Likewise, it is misleading to conclude that because everyone within an organization works toward a common goal, and because the organization's members do not document the intra-organizational debt each member owes to another, that it follows that socialism is practiced within the organization. That is fallacious.

 When you go to work for a firm, there is an implicit agreement that not only will the firm pay you what it contractually promises to pay you for your work, but that this arrangement will be one of mutual respect.  The arrangement also promises that both sides will continue to find the arrangement emotionally fulfilling enough for the work relationship to continue. (Job satisfaction is part of the utility you gain from your job, on top of the financial remuneration.)

 If your employers pay the sums they promised but call your nasty epithets and dismiss your concerns, then the fulfillment of the promise to pay you financially does not erase the fact that the value you have brought to the organization is not being reciprocated adequately. Likewise, if your co-workers are abusive toward you and your employers fail to rectify this, then, again, even if you are paid as promised, the value you bring is not being reciprocated adequately. In both cases, if you leave the organization as a result, it is on account of your expectation of reciprocity going unmet.  This is the expectation of reciprocity that is essential to market transactions.
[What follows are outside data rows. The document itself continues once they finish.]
definition graph :: "'a set \<Rightarrow> ('a \<Rightarrow> 'a \<Rightarrow> bool) \<Rightarrow> bool" where
  "graph V E \<longleftrightarrow> finite V \<and> (\<forall>u v. E u v \<longrightarrow> u \<in> V \<and> v \<in> V) \<and>
     (\<forall>u v. E u v \<longrightarrow> E v u) \<and> (\<forall>v. \<not> E v v)"

definition deg :: "'a set \<Rightarrow> ('a \<Rightarrow> 'a \<Rightarrow> bool) \<Rightarrow> 'a \<Rightarrow> nat" where
  "deg V E v = card {u \<in> V. E v u}"

definition min_deg :: "'a set \<Rightarrow> ('a \<Rightarrow> 'a \<Rightarrow> bool) \<Rightarrow> nat" where
  "min_deg V E = Min (deg V E ` V)"

definition max_deg :: "'a set \<Rightarrow> ('a \<Rightarrow> 'a \<Rightarrow> bool) \<Rightarrow> nat" where
  "max_deg V E = Max (deg V E ` V)"

definition deltaS :: "('a \<Rightarrow> 'a \<Rightarrow> bool) \<Rightarrow> 'a set \<Rightarrow> 'a \<Rightarrow> nat" where
  "deltaS E S v = card {u \<in> S. E u v}"

definition boundary :: "'a set \<Rightarrow> ('a \<Rightarrow> 'a \<Rightarrow> bool) \<Rightarrow> 'a set \<Rightarrow> 'a set" where
  "boundary V E S = {v \<in> V - S. \<exists>u \<in> S. E u v}"

definition off_alliance :: "'a set \<Rightarrow> ('a \<Rightarrow> 'a \<Rightarrow> bool) \<Rightarrow> int \<Rightarrow> 'a set \<Rightarrow> bool" where
  "off_alliance V E k S \<longleftrightarrow> S \<subseteq> V \<and> S \<noteq> {} \<and>
     (\<forall>v \<in> boundary V E S. int (deltaS E S v) \<ge> int (deltaS E (V - S) v) + k)"

definition oaf :: "'a set \<Rightarrow> ('a \<Rightarrow> 'a \<Rightarrow> bool) \<Rightarrow> int \<Rightarrow> 'a set \<Rightarrow> bool" where
  "oaf V E k X \<longleftrightarrow> X \<subseteq> V \<and> (\<forall>S. off_alliance V E k S \<longrightarrow> \<not> S \<subseteq> X)"

definition phi_o :: "'a set \<Rightarrow> ('a \<Rightarrow> 'a \<Rightarrow> bool) \<Rightarrow> int \<Rightarrow> nat" where
  "phi_o V E k = Max (card ` {X. oaf V E k X})"

definition cart_edge :: "('a \<Rightarrow> 'a \<Rightarrow> bool) \<Rightarrow> ('b \<Rightarrow> 'b \<Rightarrow> bool) \<Rightarrow> ('a \<times> 'b) \<Rightarrow> ('a \<times> 'b) \<Rightarrow> bool" where
  "cart_edge E1 E2 x y \<longleftrightarrow>
     (fst x = fst y \<and> E2 (snd x) (snd y)) \<or> (snd x = snd y \<and> E1 (fst x) (fst y))"

end

theory Submission
  imports Defs
begin

(* Let X1 be a maximum k1-oaf set of G1 and X2 a maximum k2-oaf set
   of G2.  We show that X = X1 x V2 \<union> V1 x X2 is a k-oaf set of G1 x G2; by
   inclusion-exclusion |X| = n2 |X1| + n1 |X2| - |X1| |X2|, which gives the bound.

   The number of neighbours of (a,b) in a set T of the product splits into the
   neighbours in the row of a and in the column of b (deltaS_cart).  Suppose an
   offensive k-alliance S lies inside X.  If the projection of S to G1 lies in X1,
   some boundary vertex of it witnesses that it is no k1-alliance, and lifting it
   to the product (its whole G2-row lies outside S) shows S is no k-alliance when
   k >= k1 - delta2 (projection_not_alliance).  Otherwise some row of S is a
   nonempty subset of X2; a vertex witnessing that this row is no k2-alliance
   shows S is no k-alliance when k >= k2 + Delta1 (row_not_alliance).  This yields
   the one-sided lemma product_oaf_one_side; the symmetric case follows by
   transporting alliances along the coordinate swap, an isomorphism
   G1 x G2 -> G2 x G1 (off_alliance_image). *)

section \<open>Degrees and neighbourhood counts\<close>

lemma deltaS_mono: "finite B \<Longrightarrow> A \<subseteq> B \<Longrightarrow> deltaS E A v \<le> deltaS E B v"
  unfolding deltaS_def by (rule card_mono) auto
(* Let $S$ be a numerical semigroup of multiplicity $m$. Then the set of binomials $$\{\,x_ix_j-y^{c_{i,j}}x_{i+j} : 1\le i\le j\le m-1\,\}$$ generates the Apéry toric ideal $J_S$ and is a Gröbner basis of $J_S$ with respect to any term order $\preceq$ on $R$ such that $\mathbf x^{\mathbf a}y^r\succ \mathbf x^{\mathbf b}y^s$ whenever $a_1+\cdots+a_{m-1}>b_1+\cdots+b_{m-1}$ (where $\mathbf x^{\mathbf a},\mathbf x^{\mathbf b}$ are monomials in $x_1,\dots,x_{m-1}$). Moreover, the initial ideal of $J_S$ under such an order is $\langle x_ix_j: 1\le i,j\le m-1\rangle$.
   Context: A numerical semigroup is a submonoid $S\subseteq(\mathbb Z_{\ge0},+)$ containing $0$ with finite complement; its multiplicity is $m=\min(S\setminus\{0\})\ge2$. The Apéry set is $\{n\in S: n-m\notin S\}=\{0,a_1,\dots,a_{m-1}\}$ with $a_i\equiv i\pmod m$; set $a_0=m$. Subscripts are read modulo $m$ with representatives in $\{0,\dots,m-1\}$. Let $R=\Bbbk[x_0,x_1,\dots,x_{m-1}]$ over a field $\Bbbk$, graded by $\deg x_i=a_i$, and write $y=x_0$ (so $x_{i+j}=y$ when $i+j\equiv0$). The Apéry toric ideal is $J_S=\ker(\varphi)$ where $\varphi:R\to\Bbbk[t]$, $x_i\mapsto t^{a_i}$. For $1\le i,j\le m-1$, $c_{i,j}=\frac1m(a_i+a_j-a_{i+j})\ge0$. *)

theory Defs
  imports "HOL-Library.Poly_Mapping" "HOL-Computational_Algebra.Polynomial"
begin

definition numerical_semigroup :: "nat set \<Rightarrow> bool" where
  "numerical_semigroup S \<longleftrightarrow> 0 \<in> S \<and> (\<forall>a\<in>S. \<forall>b\<in>S. a + b \<in> S) \<and> finite (UNIV - S)"

definition multiplicity :: "nat set \<Rightarrow> nat" where
  "multiplicity S = (LEAST n. n \<in> S \<and> n \<noteq> 0)"
(* Let $S\subseteq[12]$ be such that $\mathsf{MAIS}(G^*_S)<\alpha(G^*_{S,u})$. Then for any valid index code for the problem $\mathcal{B}^*_S$ with locality $1$, whose receivers $u_1,u_2,u_3$ observe codeword symbols indexed by $R_1,R_2,R_3$ respectively, we have $|R_i\cap R_j|=0$ for every $1\le i<j\le3$.
   Context: Index coding model. A unicast index coding problem has receivers $u_1,\dots,u_n$ and messages $\mathbf{x}_j$, each a vector in $\mathcal{A}^m$ for a finite alphabet $\mathcal{A}$ and positive integer $m$. Receiver $u_i$ demands $\mathbf{x}_j$, $j\in W_i$, and knows $\mathbf{x}_j$, $j\in K_i$, with $W_i\cap K_i=\emptyset$, the $W_i$ pairwise disjoint and every message demanded by exactly one receiver. An index code consists of an encoder mapping the messages to a codeword $\mathbf{c}\in\mathcal{A}^\ell$, subsets $R_i\subseteq[\ell]$ (receiver $u_i$ observes only $\mathbf{c}_{R_i}$), and decoders at each $u_i$ mapping $(\mathbf{c}_{R_i},\mathbf{x}_{K_i})$ to $\mathbf{x}_{W_i}$; it is valid if every receiver decodes correctly for all message values. The locality at $u_i$ is $|R_i|/(m|W_i|)$ and the locality of the code is the maximum over receivers (receivers with no demand impose no constraint). The problem $\mathcal{B}^*$ has three receivers and 12 messages with $W_1=\{1,2,3,4\}$, $W_2=\{5,6,7,8\}$, $W_3=\{9,10,11,12\}$, $K_1=\{5,6,9,10\}$, $K_2=\{1,2,9,11\}$, $K_3=\{1,3,5,7\}$. For $S\subseteq[12]$, $\mathcal{B}^*_S$ is the sub-problem with receivers $u_1,u_2,u_3$, messages $\mathbf{x}_j$, $j\in S$, demand sets $W_i\cap S$ and side information sets $K_i\cap S$. $G^*$ is the directed graph on $[12]$ with a directed edge $(a,b)$ iff $b\in K_i$ where $a\in W_i$; $G^*_u$ is the undirected graph on $[12]$ with $\{a,b\}$ an edge iff both $(a,b)$ and $(b,a)$ are edges of $G^*$; $G^*_S$, $G^*_{S,u}$ are the subgraphs induced by $S$. $\mathsf{MAIS}(D)$ is the maximum number of vertices of an acyclic induced subgraph of a directed graph $D$; $\alpha$ is the independence number. *)

theory Defs
  imports Complex_Main "HOL-Library.FuncSet"
begin

text \<open>Demand sets W_i and side-information sets K_i (receivers i = 1,2,3).\<close>

definition W :: "nat \<Rightarrow> nat set" where
  "W i = (if i = 1 then {1,2,3,4} else if i = 2 then {5,6,7,8}
          else if i = 3 then {9,10,11,12} else {})"

definition K :: "nat \<Rightarrow> nat set" where
  "K i = (if i = 1 then {5,6,9,10} else if i = 2 then {1,2,9,11}
          else if i = 3 then {1,3,5,7} else {})"

definition receivers :: "nat set" where
  "receivers = {1,2,3}"

definition Gstar_edge :: "nat \<Rightarrow> nat \<Rightarrow> bool" where
  "Gstar_edge a b \<longleftrightarrow> (\<exists>i\<in>receivers. a \<in> W i \<and> b \<in> K i)"

definition Gstar_u_edge :: "nat \<Rightarrow> nat \<Rightarrow> bool" where
  "Gstar_u_edge a b \<longleftrightarrow> Gstar_edge a b \<and> Gstar_edge b a"

definition Gstar_rel :: "nat set \<Rightarrow> (nat \<times> nat) set" where
  "Gstar_rel V = {(a, b). a \<in> V \<and> b \<in> V \<and> Gstar_edge a b}"

definition MAIS :: "nat set \<Rightarrow> nat" where
  "MAIS S = Max {card V | V. V \<subseteq> S \<and> acyclic (Gstar_rel V)}"

definition alpha_u :: "nat set \<Rightarrow> nat" where
  "alpha_u S = Max {card V | V. V \<subseteq> S \<and> (\<forall>a\<in>V. \<forall>b\<in>V. \<not> Gstar_u_edge a b)}"

text \<open>A message assignment: x j k is the k-th coordinate (k < m) of message x_j,
  with entries taking values in the alphabet (the type 'a).\<close>
type_synonym 'a msgs = "nat \<Rightarrow> nat \<Rightarrow> 'a"

definition restrict_msgs :: "nat set \<Rightarrow> nat \<Rightarrow> 'a msgs \<Rightarrow> 'a msgs" where
  "restrict_msgs T m x = (\<lambda>j k. if j \<in> T \<and> k < m then x j k else undefined)"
That is hardly altruistic or collectivist.  Auguste Comte, who coined the word altruism, clarified that true social collectivism demands that loyalty and service to one's collective be prioritized above any expectation of reciprocity.
We are born under a load of obligations of every kind, to our predecessors, to our successors, to our contemporaries. After our birth these obligations increase or accumulate, for it is some time before we can return any service. ... However great our efforts, the longest life, well employed, will never enable us to pay back more than a scarcely perceptible part of what we received. And yet only to our condition of complete payment could we be authorized to require reciprocity of services [boldface is mine].



Recall from this post that the word that Comte used in the original French was réciprocité, the direct French equivalent to reciprocity.

It's not the case that a completely socialist, collectivist, or self-sacrificial orientation -- where reciprocity is not desired or expected -- is, or ought to be, the default for someone in interacting with others. It is healthy when, even as the default, an adult expects a reciprocal exchange of value in interactions with other adults.

 It is more accurate to say that when an adult interacts with adult family members and other adults with whom he or she is familiar, the reciprocal exchange of values is informal and need not be clinically documented or measured in quantifiable units.  That does not alter the fact that a healthy, quasi-capitalist trade in values is involved.  And when this adult interacts with strangers in a more impersonal setting, the impersonal nature of the context serves as the impetus for a formalization of the exchange of values, which is why property deeds, bookkeeping, accounting, contracts, and quantification of values are introduced into the exchange. Mutual trust is a form of reciprocity.  The reciprocity should always be there, even if it is only informal.





On Tuesday, August 18, 2020, I added the quotation from Thomas Sowell.